→ WORK INSTRUCTION
Report how many lines in the data below hold the string "only". Nothing else should appear in the answer.

→ GIVEN RECORDS

(* For every $k\ge1$, $$\lim_{N\to\infty}\mathbb{E}[Z_{N,k}^2]=\sum_{(w_1,w_2)}\mathbb{E}\big[\bar T_{w_1}\bar T_{w_2}\big],$$ where the sum runs over a set of representatives of equivalence classes of weak CLT pairs $(w_1,w_2)$ with $w_1,w_2\in\mathcal V_k$ and $\mathrm{wt}((w_1,w_2))=k$. In particular the limit is $0$ when $k$ is even.
   Context: $\{\xi_{ij}\}_{1\le i\le j}$ are independent real random variables; $\{\xi_{ii}\}$ i.i.d. with mean zero and all moments finite; $\{\xi_{ij}\}_{i<j}$ i.i.d. with mean zero, $\mathbb{E}[\xi_{12}^2]=1$, all moments finite; $\xi_e=\xi_{\min(i,j),\max(i,j)}$ for $e=\{i,j\}$ (including $i=j$). A word is a finite sequence $w=(s_1,\dots,s_m)$ of positive integers; $\ell(w)=m$; $N$-word if all letters lie in $\{1,\dots,N\}$; closed if $s_1=s_m$; $\mathrm{supp}(w)$ its letter set; $E_w=\{\{s_i,s_{i+1}\}:1\le i\le m-1\}$ (undirected; self edge $\{u,u\}$); $N_e^w=\#\{i\le m-1:\{s_i,s_{i+1}\}=e\}$. For $a=(w_1,w_2)$: $\mathrm{wt}(a)=\#(\mathrm{supp}(w_1)\cup\mathrm{supp}(w_2))$, $E_a=E_{w_1}\cup E_{w_2}$, $N_e^a=N_e^{w_1}+N_e^{w_2}$; equivalence = a bijection of supports mapping one to the other letter by letter. Weak CLT pair: $N_e^a\ge2$ for all $e\in E_a$ and $E_{w_1}\cap E_{w_2}\ne\emptyset$. $\mathcal V_k$ = closed words of length $k+1$ with first letter $1$ having at least one self edge; $\mathcal V_k^{(N)}$ its $N$-words. $T_w=\prod_{e\in E_w}\xi_e^{N_e^w}$, $\bar T_w=T_w-\mathbb{E}T_w$, $Z_{N,k}=N^{-(k-1)/2}\sum_{w\in\mathcal V_k^{(N)}}\bar T_w$. *)

theory Defs
  imports "HOL-Probability.Probability"
begin

text \<open>An undirected edge \<open>{a,b}\<close> is represented by the normalized pair \<open>(min a b, max a b)\<close>;
  a self edge is a pair \<open>(u,u)\<close>.\<close>

definition mk_edge :: "nat \<Rightarrow> nat \<Rightarrow> nat \<times> nat" where
  "mk_edge a b = (min a b, max a b)"

definition word_edges :: "nat list \<Rightarrow> (nat \<times> nat) set" where
  "word_edges w = {mk_edge (w ! i) (w ! Suc i) | i. Suc i < length w}"

definition edge_count :: "nat list \<Rightarrow> nat \<times> nat \<Rightarrow> nat" where
  "edge_count w e = card {i. Suc i < length w \<and> mk_edge (w ! i) (w ! Suc i) = e}"

definition closed_word :: "nat list \<Rightarrow> bool" where
  "closed_word w \<longleftrightarrow> w \<noteq> [] \<and> hd w = last w"

definition V_words :: "nat \<Rightarrow> nat list set" where
  "V_words k = {w. length w = k + 1 \<and> closed_word w \<and> hd w = 1 \<and> (\<forall>a\<in>set w. 1 \<le> a)
                  \<and> (\<exists>e\<in>word_edges w. fst e = snd e)}"

definition V_words_N :: "nat \<Rightarrow> nat \<Rightarrow> nat list set" where
  "V_words_N N k = {w \<in> V_words k. set w \<subseteq> {1..N}}"

text \<open>\<open>\<xi> i j\<close> for \<open>i \<le> j\<close> is the entry variable; \<open>\<xi>_e\<close> for a normalized edge e = (i,j) is \<open>\<xi> i j\<close>.\<close>
definition T_word :: "(nat \<Rightarrow> nat \<Rightarrow> 'a \<Rightarrow> real) \<Rightarrow> nat list \<Rightarrow> 'a \<Rightarrow> real" where
  "T_word \<xi> w x = (\<Prod>e\<in>word_edges w. \<xi> (fst e) (snd e) x ^ edge_count w e)"

definition Tbar_word :: "'a measure \<Rightarrow> (nat \<Rightarrow> nat \<Rightarrow> 'a \<Rightarrow> real) \<Rightarrow> nat list \<Rightarrow> 'a \<Rightarrow> real" where
  "Tbar_word M \<xi> w x = T_word \<xi> w x - integral\<^sup>L M (T_word \<xi> w)"

definition Z_var :: "'a measure \<Rightarrow> (nat \<Rightarrow> nat \<Rightarrow> 'a \<Rightarrow> real) \<Rightarrow> nat \<Rightarrow> nat \<Rightarrow> 'a \<Rightarrow> real" where
  "Z_var M \<xi> N k x = real N powr (- (real k - 1) / 2) * (\<Sum>w\<in>V_words_N N k. Tbar_word M \<xi> w x)"

definition pair_wt :: "nat list \<times> nat list \<Rightarrow> nat" where
  "pair_wt a = card (set (fst a) \<union> set (snd a))"

definition pair_edges :: "nat list \<times> nat list \<Rightarrow> (nat \<times> nat) set" where
  "pair_edges a = word_edges (fst a) \<union> word_edges (snd a)"

definition pair_count :: "nat list \<times> nat list \<Rightarrow> nat \<times> nat \<Rightarrow> nat" where
  "pair_count a e = edge_count (fst a) e + edge_count (snd a) e"

definition weak_CLT_pair :: "nat list \<times> nat list \<Rightarrow> bool" where
  "weak_CLT_pair a \<longleftrightarrow> (\<forall>e\<in>pair_edges a. pair_count a e \<ge> 2)
      \<and> word_edges (fst a) \<inter> word_edges (snd a) \<noteq> {}"

definition pair_equiv :: "nat list \<times> nat list \<Rightarrow> nat list \<times> nat list \<Rightarrow> bool" where
  "pair_equiv a b \<longleftrightarrow> (\<exists>\<phi>. bij_betw \<phi> (set (fst a) \<union> set (snd a)) (set (fst b) \<union> set (snd b))
      \<and> map \<phi> (fst a) = fst b \<and> map \<phi> (snd a) = snd b)"

definition CLT_pairs :: "nat \<Rightarrow> (nat list \<times> nat list) set" where
  "CLT_pairs k = {a. fst a \<in> V_words k \<and> snd a \<in> V_words k \<and> weak_CLT_pair a \<and> pair_wt a = k}"

definition CLT_pair_rel :: "nat \<Rightarrow> ((nat list \<times> nat list) \<times> (nat list \<times> nat list)) set" where
  "CLT_pair_rel k = {(a, b). a \<in> CLT_pairs k \<and> b \<in> CLT_pairs k \<and> pair_equiv a b}"

definition limit_sum :: "'a measure \<Rightarrow> (nat \<Rightarrow> nat \<Rightarrow> 'a \<Rightarrow> real) \<Rightarrow> nat \<Rightarrow> real" where
  "limit_sum M \<xi> k = (\<Sum>C\<in>CLT_pairs k // CLT_pair_rel k.
      (let a = (SOME a. a \<in> C) in
        integral\<^sup>L M (\<lambda>x. Tbar_word M \<xi> (fst a) x * Tbar_word M \<xi> (snd a) x)))"

end

theory Submission
  imports Defs
begin

(* Expanding the square, E[Z_{N,k}^2] = N^{-(k-1)} * sum over pairs (w1, w2) of words of V_k over
   {1..N} of Cov(T_w1, T_w2).  By independence this covariance is a product of moments indexed
   by the edges of the pair, so it only depends on the equivalence class of the pair (pair_cov),
   and it vanishes unless the pair is a weak CLT pair.  Each class has a canonical representative
   (letters renamed 1, 2, ... in order of first occurrence), and the class of a canonical pair of
   weight m contains (N-1)(N-2)...(N-m+1) ~ N^(m-1) pairs over {1..N}, the letter 1 being fixed.

   The combinatorial heart is the weight bound: the two closed walks of a weak CLT pair join into
   one walk whose graph has at most k edges, one of them a loop, and as a connected graph at most
   one vertex more than non-loop edges; hence weight <= k.  Equality forces a tree plus a single
   loop, so the second word makes k - 1 moving steps along a properly 2-coloured tree, which is
   only possible when k - 1 is even.  Only the classes of weight k survive the normalisation,
   which yields the limit; for even k there are none.

   The variance
   normalisation of the off-diagonal entries plays no role in the argument. *)

lemma mk_edge_sym: "mk_edge a b = mk_edge b a"
  by (auto simp: mk_edge_def)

→ EXERCISE RESPONSE
2